For β = 0.9, effective rate is 10× higher!
Fix: Reduce η by a factor of (1-β) when adding momentum, or tune from scratch.
Momentum and SGD Noise¶
An interesting interaction: momentum smooths out SGD noise!
Without momentum, each step is based on a single noisy gradient estimate.
With momentum, each step is based on an exponential average of many gradients.
Effect: Lower variance updates, but also less exploration.
Noise Level
↑
│ SGD alone
│ •
│
│ SGD + momentum
│ •
│
│ Large batch
│ •
└──────────────────────────→
Stability
Connection to Modern LLMs
Modern LLM training typically uses:
- β = 0.9 for the first moment (momentum) in Adam
- This provides the noise-smoothing benefits of momentum
- Combined with adaptive learning rates (next section)

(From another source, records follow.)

(* Let $l,m$ be positive integers, $n=l+m$, $k=\operatorname{lcm}(l,m)$, let $\alpha_1,\dots,\alpha_l,\beta_1,\dots,\beta_m\ge 0$ be given (in this order), not all zero, with $\alpha_1+\dots+\alpha_l=\beta_1+\dots+\beta_m$, put $\boldsymbol\nu=(\alpha_1,\dots,\alpha_l,-\beta_1,\dots,-\beta_m)$, and let $\boldsymbol\rho=(\rho_1,\dots,\rho_k)$ with every $\rho_i>1$. Then there are unique $k$-tuples of real numbers $(u_0,\dots,u_{k-1})$ and $(v_0,\dots,v_{k-1})$ such that, with the points ${\bf a}_r^t,{\bf b}_r^t$ and segments $\mathcal A_r^t,\mathcal B_r^t$ defined from them as in the context, every segment $\mathcal A_r^t$ ($0\le r<k$, $t\in\mathbb Z$) has slope $\alpha_{r+1}$, every segment $\mathcal B_r^t$ ($0\le r<k$, $t\in\mathbb Z$) has slope $-\beta_{r+1}$, and the set $$\mathcal G(\boldsymbol\nu,\boldsymbol\rho)=\{{\bf 0}\}\cup\bigcup_{t\in\mathbb Z}\bigcup_{0\le r<k}\left(\mathcal A_r^t\cup\mathcal B_r^t\right)\subset\mathbb R^2$$ is a regular $\boldsymbol\nu$-graph.
   Context: Indexing conventions: for an integer $r$, $\alpha_r:=\alpha_i$ where $1\le i\le l$ and $r\equiv i\pmod l$; $\beta_r:=\beta_j$ where $1\le j\le m$ and $r\equiv j\pmod m$; $\rho_r:=\rho_h$ where $1\le h\le k$ and $r\equiv h\pmod k$. Set $\sigma_0=1$, $\sigma_r=\rho_1\cdots\rho_r$ for $1\le r\le k$, $\tau=\sigma_k=\rho_1\cdots\rho_k$, and for arbitrary $r=sk+h$ with $s\in\mathbb Z$, $0\le h<k$, set $\sigma_r=\tau^s\sigma_h$, $u_r=u_h$, $v_r=v_h$. For $r,t\in\mathbb Z$ define points ${\bf a}_r^t=\tau^t\sigma_r(1,u_r)$ and ${\bf b}_r^t=\tau^t\sigma_r(1,v_r)$ in $\mathbb R^2$, and for $0\le r<k$, $t\in\mathbb Z$ the closed line segments $\mathcal A_r^t=[{\bf a}_r^t,{\bf b}_{r+l}^t]$ and $\mathcal B_r^t=[{\bf b}_r^t,{\bf a}_{r+m}^t]$. A $\boldsymbol\nu$-system is an $n$-tuple of functions $P_1,\dots,P_n:[0,\infty)\to\mathbb R$ which are continuous, satisfy $P_1\le P_2\le\dots\le P_n$ and $P_1(0)=\dots=P_n(0)=0$, are piecewise linear with only finitely many linear pieces in any interval with positive endpoints, have slopes among $\alpha_1,\dots,\alpha_l,-\beta_1,\dots,-\beta_m$, and such that on every interval where each $P_i$ is linear, the slopes of $P_1,\dots,P_n$ are the numbers $\alpha_1,\dots,\alpha_l,-\beta_1,\dots,-\beta_m$ in some order. A $\boldsymbol\nu$-graph is the union of the graphs of the functions of a $\boldsymbol\nu$-system. A $\boldsymbol\nu$-system (and its graph) is regular if the graph is invariant under the map $\boldsymbol\eta\mapsto\tau'\boldsymbol\eta$ of $\mathbb R^2$ for some $\tau'>1$. *)

theory Defs
  imports "HOL-Analysis.Analysis" "HOL-Library.Multiset"
begin

text \<open>alpha_r := alpha_i with 1 <= i <= l and r = i (mod l); the family is given on 1..l.\<close>
definition cyc :: "nat \<Rightarrow> (nat \<Rightarrow> real) \<Rightarrow> int \<Rightarrow> real" where
  "cyc l f r = f (nat ((r - 1) mod int l) + 1)"

definition tau_of :: "nat \<Rightarrow> (nat \<Rightarrow> real) \<Rightarrow> real" where
  "tau_of k rho = (\<Prod>i\<in>{1..k}. rho i)"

The momentum component of Adam is critical for stable training on noisy gradients from massive datasets.
Visualizing Momentum¶
Consider the Rosenbrock function: L(x,y) = (1-x)² + 100(y-x²)²
This has a curved valley that's challenging for gradient descent:
Without momentum: With momentum:
Start Start
╲ ╲
╲↗ ╲
╲↙ ╲
╲↗ ╲
╲↙ ╲
╲ (slow zigzag) ╲ (smooth curve)
↓ ↓
Optimum Optimum
Momentum allows following the valley smoothly rather than bouncing off its walls.
Historical Note¶
Boris Polyak introduced the momentum method in 1964, drawing on classical mechanics.

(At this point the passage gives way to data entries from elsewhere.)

(* Let $c>0$ and let $\nu,\tilde\nu$ be probability measures on $\mathbb R_+$ different from $\boldsymbol d_0$, and assume that at least one of $\nu,\tilde\nu$ is not a Dirac (point mass) measure. Let $(\boldsymbol{\tilde\delta}_a,a)$ with $\boldsymbol{\tilde\delta}_a\in\widetilde{\mathcal D}$, $a\neq0$, and $\boldsymbol\delta_a:=c\int\frac{t}{-a(1+\boldsymbol{\tilde\delta}_a t)}\nu(dt)\in\mathcal D$, satisfy $$\boldsymbol F(\boldsymbol{\tilde\delta}_a,a)=0,\qquad\frac{\partial\boldsymbol F}{\partial\boldsymbol{\tilde\delta}}(\boldsymbol{\tilde\delta}_a,a)=0,$$ where $\boldsymbol F(\tilde\delta,x)=\int\frac{t}{-x+ct\int\frac{u}{1+u\tilde\delta}\nu(du)}\tilde\nu(dt)-\tilde\delta$ for real $(\tilde\delta,x)$ near $(\boldsymbol{\tilde\delta}_a,a)$. Then $$\frac{\partial^2\boldsymbol F}{\partial\boldsymbol{\tilde\delta}^2}(\boldsymbol{\tilde\delta}_a,a)=0\ \Longrightarrow\ \frac{\partial^3\boldsymbol F}{\partial\boldsymbol{\tilde\delta}^3}(\boldsymbol{\tilde\delta}_a,a)\neq0.$$
   Context: $\boldsymbol d_0$ is the Dirac mass at $0$. Define $\mathcal D=\{0\}\cup\{\boldsymbol\delta\in\mathbb R\setminus\{0\}:-\boldsymbol\delta^{-1}\notin\operatorname{supp}(\tilde\nu)\}$ if $\operatorname{supp}(\tilde\nu)$ is compact and $\mathcal D=\{\boldsymbol\delta\in\mathbb R\setminus\{0\}:-\boldsymbol\delta^{-1}\notin\operatorname{supp}(\tilde\nu)\}$ otherwise; $\widetilde{\mathcal D}$ is defined in the same way with $\nu$ in place of $\tilde\nu$. These conditions ensure $\boldsymbol F$ is well defined and smooth near $(\boldsymbol{\tilde\delta}_a,a)$, with differentiation under the integral allowed. *)

theory Defs
  imports "HOL-Probability.Probability"
begin

definition msupp :: "real measure \<Rightarrow> real set" where
  "msupp M = {x. \<forall>e>0. emeasure M (ball x e) > 0}"

text \<open>The domain D associated with a measure M (D uses nu-tilde, D-tilde uses nu).\<close>
definition Dset :: "real measure \<Rightarrow> real set" where
  "Dset M = (if compact (msupp M)
             then {0} \<union> {d. d \<noteq> 0 \<and> - inverse d \<notin> msupp M}
             else {d. d \<noteq> 0 \<and> - inverse d \<notin> msupp M})"

definition Fmap :: "real \<Rightarrow> real measure \<Rightarrow> real measure \<Rightarrow> real \<Rightarrow> real \<Rightarrow> real" where
  "Fmap c nu nt dt x =
     (\<integral>t. t / (- x + c * t * (\<integral>u. u / (1 + u * dt) \<partial>nu)) \<partial>nt) - dt"

definition prob_Rplus :: "real measure \<Rightarrow> bool" where
  "prob_Rplus M \<longleftrightarrow> prob_space M \<and> sets M = sets borel \<and> (AE t in M. 0 \<le> t)"

end

theory Submission
  imports Defs
begin

(* Write Q k d = \<integral> (u / (1 + d u))^k d\<nu> and P k s = \<integral> (t / (-a + s t))^k d\<nu>~. Membership in the
   domains D keeps these integrands bounded near the relevant points, so one may differentiate under
   the integral: Q k' = -k Q (k+1), P k' = -k P (k+1), and F d = P 1 (c Q 1 d) - d. At the point,
   F = 0 and F' = 0 say P 1 = d and c P 2 Q 2 = 1, while F''' = 6 c (c^2 P 4 Q 2^3 - 2 c P 3 Q 2 Q 3
   + P 2 Q 4). Multiplied by Q 2^2, the bracket equals
     Q 2 \<integral> y^2 (c Q 2^2 y - Q 3)^2 d\<nu>~ + P 2 \<integral> x^2 (Q 2 x - Q 3)^2 d\<nu>,
   with y = t / (-a + s t) and x = u / (1 + d u), a sum of two nonnegative terms. So F''' = 0 makes
   both integrals vanish: the first forces Q 2 = d Q 3, and then the second forces x = 0 \<nu>-a.e.,
   i.e. Q 2 = 0, contradicting c P 2 Q 2 = 1. *)

section \<open>Resolvent moments and their derivatives\<close>

lemma DERIV_of_quadratic_remainder:
  fixes f :: "real \<Rightarrow> real"
  assumes "\<delta> > 0" and "\<And>h. \<bar>h\<bar> < \<delta> \<Longrightarrow> \<bar>f (x + h) - f x - h * D\<bar> \<le> K * h\<^sup>2"
  shows "(f has_real_derivative D) (at x)"
proof -
  have "eventually (\<lambda>h. norm ((f (x + h) - f x) / h - D) \<le> K * \<bar>h\<bar>) (at 0)"
    unfolding eventually_at
  proof (intro exI[of _ \<delta>] conjI ballI impI)
    fix h :: real
    assume h: "h \<noteq> 0 \<and> dist h 0 < \<delta>"
    then have "\<bar>(f (x + h) - f x - h * D) / h\<bar> \<le> K * h\<^sup>2 / \<bar>h\<bar>"
      using assms(2)[of h] by (simp add: abs_divide divide_right_mono)
    also have "K * h\<^sup>2 / \<bar>h\<bar> = K * \<bar>h\<bar>"
      using h by (simp add: power2_eq_square divide_simps)
    finally show "norm ((f (x + h) - f x) / h - D) \<le> K * \<bar>h\<bar>"
      using h by (simp add: diff_divide_distrib)
  qed (use assms(1) in simp)
  moreover have "((\<lambda>h. K * \<bar>h\<bar>) \<longlongrightarrow> 0) (at (0::real))"
    by (intro tendsto_mult_right_zero tendsto_rabs_zero tendsto_ident_at)
  ultimately have "((\<lambda>h. (f (x + h) - f x) / h - D) \<longlongrightarrow> 0) (at 0)"
    by (rule Lim_null_comparison)
  then show ?thesis
    by (simp add: DERIV_def Lim_null[symmetric])
qed

lemma inverse_power_one_plus_remainder:
  fixes w :: real
  assumes "\<bar>w\<bar> \<le> 1/2"
  shows "\<bar>1 / (1 + w) ^ k - 1 + k * w\<bar> \<le> 4 ^ k * w\<^sup>2"
proof (induction k)
  case (Suc k)
  have ge_half: "1 + w \<ge> 1/2"
    using assms by linarith
  then have pos: "1 + w > 0"
    by linarith
  have "1 / (1 + w) ^ Suc k - 1 + Suc k * w = (1 / (1 + w) ^ k - 1 + k * w + Suc k * w\<^sup>2) / (1 + w)"
  proof -
    have "1 + w \<noteq> 0" "(1 + w) ^ k \<noteq> 0"
      using pos by auto
    then show ?thesis
      by (simp add: divide_simps) (simp add: algebra_simps power2_eq_square)
  qed
  also have "\<bar>\<dots>\<bar> \<le> 2 * (4 ^ k * w\<^sup>2 + Suc k * w\<^sup>2)"
  proof -
    have divide: "\<bar>N / (1 + w)\<bar> \<le> 2 * Y" if "\<bar>N\<bar> \<le> Y" for N Y :: real
    proof -
      have "0 \<le> Y"
        using that abs_ge_zero[of N] by linarith
      then have "\<bar>N\<bar> \<le> 2 * Y * (1 + w)"
        using that ge_half mult_left_mono[of 1 "2 * (1 + w)" Y] by (simp add: mult_ac)
      then show ?thesis
        unfolding abs_divide abs_of_pos[OF pos] by (rule pos_divide_le_eq[OF pos, THEN iffD2])
    qed
    show ?thesis
      by (rule divide)
        (use Suc.IH abs_triangle_ineq[of "1 / (1 + w) ^ k - 1 + k * w" "Suc k * w\<^sup>2"] in simp)
  qed
  also have "\<dots> \<le> 4 ^ Suc k * w\<^sup>2"
  proof -
    have "Suc k \<le> 2 ^ k"
      using less_exp[of k] by (simp add: Suc_le_eq)
    then have "real (Suc k) \<le> 2 ^ k"
      by (metis of_nat_le_iff of_nat_numeral of_nat_power)
    also have "(2::real) ^ k \<le> 4 ^ k"
      by (rule power_mono) simp_all
    finally have "Suc k * w\<^sup>2 \<le> 4 ^ k * w\<^sup>2"
      by (rule mult_right_mono) simp
    then show ?thesis
      by (simp add: mult.commute)
  qed
  finally show ?case .
qed simp

lemma abs_resolvent_le:
  fixes b s t \<kappa> :: real
  assumes "\<kappa> > 0" and "\<kappa> * (1 + \<bar>t\<bar>) \<le> \<bar>b + s * t\<bar>"
  shows "\<bar>t / (b + s * t)\<bar> \<le> 1 / \<kappa>"
proof -
  have "\<kappa> * (1 + \<bar>t\<bar>) > 0"
    using assms(1) by (simp add: add_pos_nonneg)
  then have "\<bar>b + s * t\<bar> > 0"
    using assms(2) by linarith
  moreover have "\<kappa> * \<bar>t\<bar> \<le> \<bar>b + s * t\<bar>"
    using assms by (simp add: distrib_left)
  ultimately show ?thesis
    using assms(1) by (simp add: abs_divide divide_simps mult.commute)
qed

lemma resolvent_lower_bound_perturb:
  fixes b s s0 t \<kappa> :: real
  assumes "\<kappa> \<ge> 0" and "\<kappa> * (1 + \<bar>t\<bar>) \<le> \<bar>b + s0 * t\<bar>" and "\<bar>s - s0\<bar> \<le> \<kappa> / 2"
  shows "\<kappa> / 2 * (1 + \<bar>t\<bar>) \<le> \<bar>b + s * t\<bar>"
proof -
  have "\<bar>(s - s0) * t\<bar> \<le> \<kappa> / 2 * \<bar>t\<bar>"
    unfolding abs_mult using assms(3) by (intro mult_right_mono) auto
  moreover have "\<bar>b + s * t\<bar> \<ge> \<bar>b + s0 * t\<bar> - \<bar>(s - s0) * t\<bar>"
    using abs_triangle_ineq2[of "b + s0 * t" "(s0 - s) * t"] by (simp add: algebra_simps)
  ultimately show ?thesis
    using assms(1,2) mult_nonneg_nonneg[of \<kappa> "\<bar>t\<bar>"] by (simp add: algebra_simps)
qed

definition resolvent_moment :: "real measure \<Rightarrow> real \<Rightarrow> nat \<Rightarrow> real \<Rightarrow> real" where
  "resolvent_moment M b k s = (\<integral>t. (t / (b + s * t)) ^ k \<partial>M)"

lemma integrable_power_of_AE_bounded:
  fixes y :: "'a \<Rightarrow> real"
  assumes "finite_measure M" "y \<in> borel_measurable M" "AE t in M. \<bar>y t\<bar> \<le> B"
  shows "integrable M (\<lambda>t. y t ^ k)"
proof -
  interpret finite_measure M by fact
  show ?thesis
  proof (rule integrable_const_bound[where B = "B ^ k"])
    show "AE t in M. norm (y t ^ k) \<le> B ^ k"
      using assms(3) by eventually_elim (simp add: power_abs power_mono)
  qed (use assms(2) in measurable)
qed

lemma integrable_resolvent_power:
  fixes M :: "real measure"
  assumes "finite_measure M" "sets M = sets borel"
    and "\<kappa> > 0" "AE t in M. \<kappa> * (1 + \<bar>t\<bar>) \<le> \<bar>b + s * t\<bar>"
  shows "integrable M (\<lambda>t. (t / (b + s * t)) ^ k)"
proof (rule integrable_power_of_AE_bounded[OF assms(1)])
  show "(\<lambda>t. t / (b + s * t)) \<in> borel_measurable M"
    by (subst measurable_cong_sets[OF assms(2) refl]) measurable
  show "AE t in M. \<bar>t / (b + s * t)\<bar> \<le> 1 / \<kappa>"
    using assms(4) by eventually_elim (rule abs_resolvent_le[OF assms(3)])
qed

lemma resolvent_power_remainder:
  fixes b s h t \<kappa> :: real
  assumes "\<kappa> > 0" "\<kappa> * (1 + \<bar>t\<bar>) \<le> \<bar>b + s * t\<bar>" "\<bar>h\<bar> \<le> \<kappa> / 2"
  shows "\<bar>(t / (b + (s + h) * t)) ^ k - (t / (b + s * t)) ^ k + h * k * (t / (b + s * t)) ^ Suc k\<bar>
           \<le> 4 ^ k * (1 / \<kappa>) ^ (k + 2) * h\<^sup>2"
proof -
  define y where "y = t / (b + s * t)"
  have y: "\<bar>y\<bar> \<le> 1 / \<kappa>"
    unfolding y_def by (rule abs_resolvent_le[OF assms(1,2)])
  have hy: "\<bar>h * y\<bar> \<le> 1 / 2"
  proof -
    have "\<bar>h * y\<bar> \<le> \<kappa> / 2 * (1 / \<kappa>)"
      unfolding abs_mult using assms(3) y by (intro mult_mono) auto
    then show ?thesis
      using assms(1) by simp
  qed
  have "\<kappa> * (1 + \<bar>t\<bar>) > 0"
    using assms(1) by (simp add: add_pos_nonneg)
  then have "b + s * t \<noteq> 0"
    using assms(2) by auto
  then have "b + (s + h) * t = (b + s * t) * (1 + h * y)"
    unfolding y_def by (simp add: field_simps)
  then have "t / (b + (s + h) * t) = y / (1 + h * y)"
    unfolding y_def by simp
  then have "(t / (b + (s + h) * t)) ^ k - y ^ k + h * k * y ^ Suc k
               = y ^ k * (1 / (1 + h * y) ^ k - 1 + k * (h * y))"
    by (simp add: power_divide algebra_simps)
  also have "\<bar>\<dots>\<bar> \<le> \<bar>y\<bar> ^ k * (4 ^ k * (h * y)\<^sup>2)"
    unfolding abs_mult power_abs
    by (intro mult_left_mono inverse_power_one_plus_remainder hy) simp
  also have "\<dots> = 4 ^ k * \<bar>y\<bar> ^ (k + 2) * h\<^sup>2"
    by (simp add: power_mult_distrib power_add power2_eq_square mult_ac)
  also have "\<dots> \<le> 4 ^ k * (1 / \<kappa>) ^ (k + 2) * h\<^sup>2"
    using y by (intro mult_right_mono mult_left_mono power_mono) auto
  finally show ?thesis
    unfolding y_def .
qed

lemma resolvent_moment_remainder:
  fixes M :: "real measure"
  assumes M: "finite_measure M" "sets M = sets borel"
    and "\<kappa> > 0" and bound: "AE t in M. \<kappa> * (1 + \<bar>t\<bar>) \<le> \<bar>b + s * t\<bar>"
    and "\<bar>h\<bar> \<le> \<kappa> / 2"
  shows "\<bar>resolvent_moment M b k (s + h) - resolvent_moment M b k s + h * k * resolvent_moment M b (Suc k) s\<bar>
           \<le> 4 ^ k * (1 / \<kappa>) ^ (k + 2) * measure M (space M) * h\<^sup>2"
proof -
  interpret finite_measure M by fact
  define R where "R t = (t / (b + (s + h) * t)) ^ k - (t / (b + s * t)) ^ k
                         + h * k * (t / (b + s * t)) ^ Suc k" for t
  have iz: "integrable M (\<lambda>t. (t / (b + (s + h) * t)) ^ k)"
  proof (rule integrable_resolvent_power[OF M])
    show "AE t in M. \<kappa> / 2 * (1 + \<bar>t\<bar>) \<le> \<bar>b + (s + h) * t\<bar>"
      using bound by eventually_elim (rule resolvent_lower_bound_perturb, use assms(3,5) in auto)
  qed (use assms(3) in simp)
  have iy: "integrable M (\<lambda>t. (t / (b + s * t)) ^ j)" for j
    by (rule integrable_resolvent_power[OF M assms(3) bound])
  have "resolvent_moment M b k (s + h) - resolvent_moment M b k s + h * k * resolvent_moment M b (Suc k) s
          = integral\<^sup>L M R"
    unfolding R_def resolvent_moment_def using iz iy
    by (simp add: Bochner_Integration.integral_add Bochner_Integration.integral_diff
        integrable_mult_right del: power_Suc)
  also have "\<bar>integral\<^sup>L M R\<bar> \<le> (\<integral>t. \<bar>R t\<bar> \<partial>M)"
    using integral_norm_bound[of M R] by simp
  also have "\<dots> \<le> (\<integral>t. 4 ^ k * (1 / \<kappa>) ^ (k + 2) * h\<^sup>2 \<partial>M)"
  proof (rule integral_mono_AE)
    show "integrable M (\<lambda>t. \<bar>R t\<bar>)"
      unfolding R_def by (intro integrable_abs Bochner_Integration.integrable_add
          Bochner_Integration.integrable_diff integrable_mult_right iz iy)
    show "AE t in M. \<bar>R t\<bar> \<le> 4 ^ k * (1 / \<kappa>) ^ (k + 2) * h\<^sup>2"
      using bound unfolding R_def
      by eventually_elim (rule resolvent_power_remainder, use assms(3,5) in auto)
  qed simp
  also have "\<dots> = 4 ^ k * (1 / \<kappa>) ^ (k + 2) * measure M (space M) * h\<^sup>2"
    by (simp add: mult_ac)
  finally show ?thesis .
qed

Yurii Nesterov developed his accelerated method in 1983 as part of his PhD thesis, proving it's optimal for smooth convex optimization.

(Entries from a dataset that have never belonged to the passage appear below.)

lemma degsum_le_twice_card_present_incident:
  assumes S: "S \<subseteq> {1..n}"
  shows "degsum n G S \<le> 2 * card {e \<in> incident_pairs n S. G e}"
proof -
  define E where "E = {e \<in> incident_pairs n S. G e}"
  have "finite E"
    using finite_vpairs by (simp add: E_def incident_pairs_def)
  have "finite S"
    using S finite_subset by blast
  have "degsum n G S = (\<Sum>v\<in>S. card {e \<in> E. v \<in> e})"
    unfolding degsum_def
  proof (rule sum.cong[OF refl])
    fix v assume "v \<in> S"
    then have "{e \<in> vpairs n. G e \<and> v \<in> e} = {e \<in> E. v \<in> e}" and "v \<in> {1..n}"
      using S by (auto simp: E_def incident_pairs_def)
    then show "degree n G v = card {e \<in> E. v \<in> e}"
      by (simp add: degree_eq_card_present_pairs)
  qed
  also have "\<dots> = (\<Sum>v\<in>S. \<Sum>e\<in>E. if v \<in> e then 1 else 0)"
    using \<open>finite E\<close> by (simp add: sum.If_cases Int_def conj_commute)
  also have "\<dots> = (\<Sum>e\<in>E. \<Sum>v\<in>S. if v \<in> e then 1 else 0)"
    by (rule sum.swap)
  also have "\<dots> = (\<Sum>e\<in>E. card (S \<inter> e))"
    using \<open>finite S\<close> by (simp add: sum.If_cases Int_def)
  also have "\<dots> \<le> (\<Sum>e\<in>E. 2)"
  proof (rule sum_mono)
    fix e assume "e \<in> E"
    then obtain u v where "e = {u, v}"
      by (auto simp: E_def incident_pairs_def vpairs_def)
    then have "card (S \<inter> e) \<le> card e"
      by (intro card_mono) auto
    also have "\<dots> \<le> 2"
      using \<open>e = {u, v}\<close> by (simp add: card_insert_if)
    finally show "card (S \<inter> e) \<le> 2" .
  qed
  finally show ?thesis
    by (simp add: E_def mult.commute)
qed

lemma rtranclp_obtains_closer_predecessor:
  assumes "R\<^sup>*\<^sup>* r v" "v \<noteq> r"
  obtains u where "R u v" "(LEAST j. (R ^^ j) r u) < (LEAST j. (R ^^ j) r v)"
proof -
  define dist where "dist x = (LEAST j. (R ^^ j) r x)" for x
  have path: "(R ^^ dist v) r v"
    unfolding dist_def by (rule LeastI_ex) (use assms(1) in \<open>simp add: rtranclp_power\<close>)
  have "dist v \<noteq> 0"
  proof
    assume "dist v = 0"
    with path assms(2) show False
      by simp
  qed
  then obtain j where j: "dist v = Suc j"
    using not0_implies_Suc by blast
  with path have "(R ^^ j OO R) r v"
    by simp
  then obtain u where "(R ^^ j) r u" "R u v"
    by blast
  moreover have "dist u \<le> j"
    unfolding dist_def by (rule Least_le) fact
  ultimately show ?thesis
    using that j unfolding dist_def by simp
qed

The connection between momentum and acceleration in physics was made explicit by Sutskever et al. (2013), who showed that Nesterov momentum works well for deep learning.
Heavy Ball vs. Nesterov¶
The original momentum (Polyak) is sometimes called the "Heavy Ball" method:
| Method | Update | Convergence (convex) |
|---|---|---|
| Heavy Ball | v = βv + ∇L(θ) | O(1/T) |
| Nesterov | v = βv + ∇L(θ - ηβv) | O(1/T²) |
Nesterov's lookahead makes a theoretical difference, though in practice both work similarly for neural networks.
Exercises¶
-
Visualize momentum: On a 2D quadratic, plot trajectories with β = 0, 0.5, 0.9, 0.99.
-
Optimal β: For L(x,y) = x² + 100y², derive the optimal momentum coefficient.
-
Compare methods: Implement both classical and Nesterov momentum. Compare convergence on a test problem.
-
Effective learning rate: Verify empirically that momentum β = 0.9 gives ~10× effective learning rate.
-
Noise smoothing: Compare gradient variance with and without momentum on a stochastic problem.
Summary¶
| Concept | Definition | Key Insight |
|---|---|---|
| Momentum | v = βv + ∇L | Exponential moving average of gradients |
| β coefficient | Decay rate for velocity | Higher = more "memory" |
| Nesterov | Gradient at lookahead position | Provably optimal acceleration |
| Effective rate | η/(1-β) | Momentum amplifies learning rate |
Key takeaway: Momentum transforms gradient descent from a memoryless random walk into a smooth trajectory with inertia. This simple addition—tracking velocity—provides dramatic speedups on ill-conditioned problems and remains a core component of modern optimizers like Adam.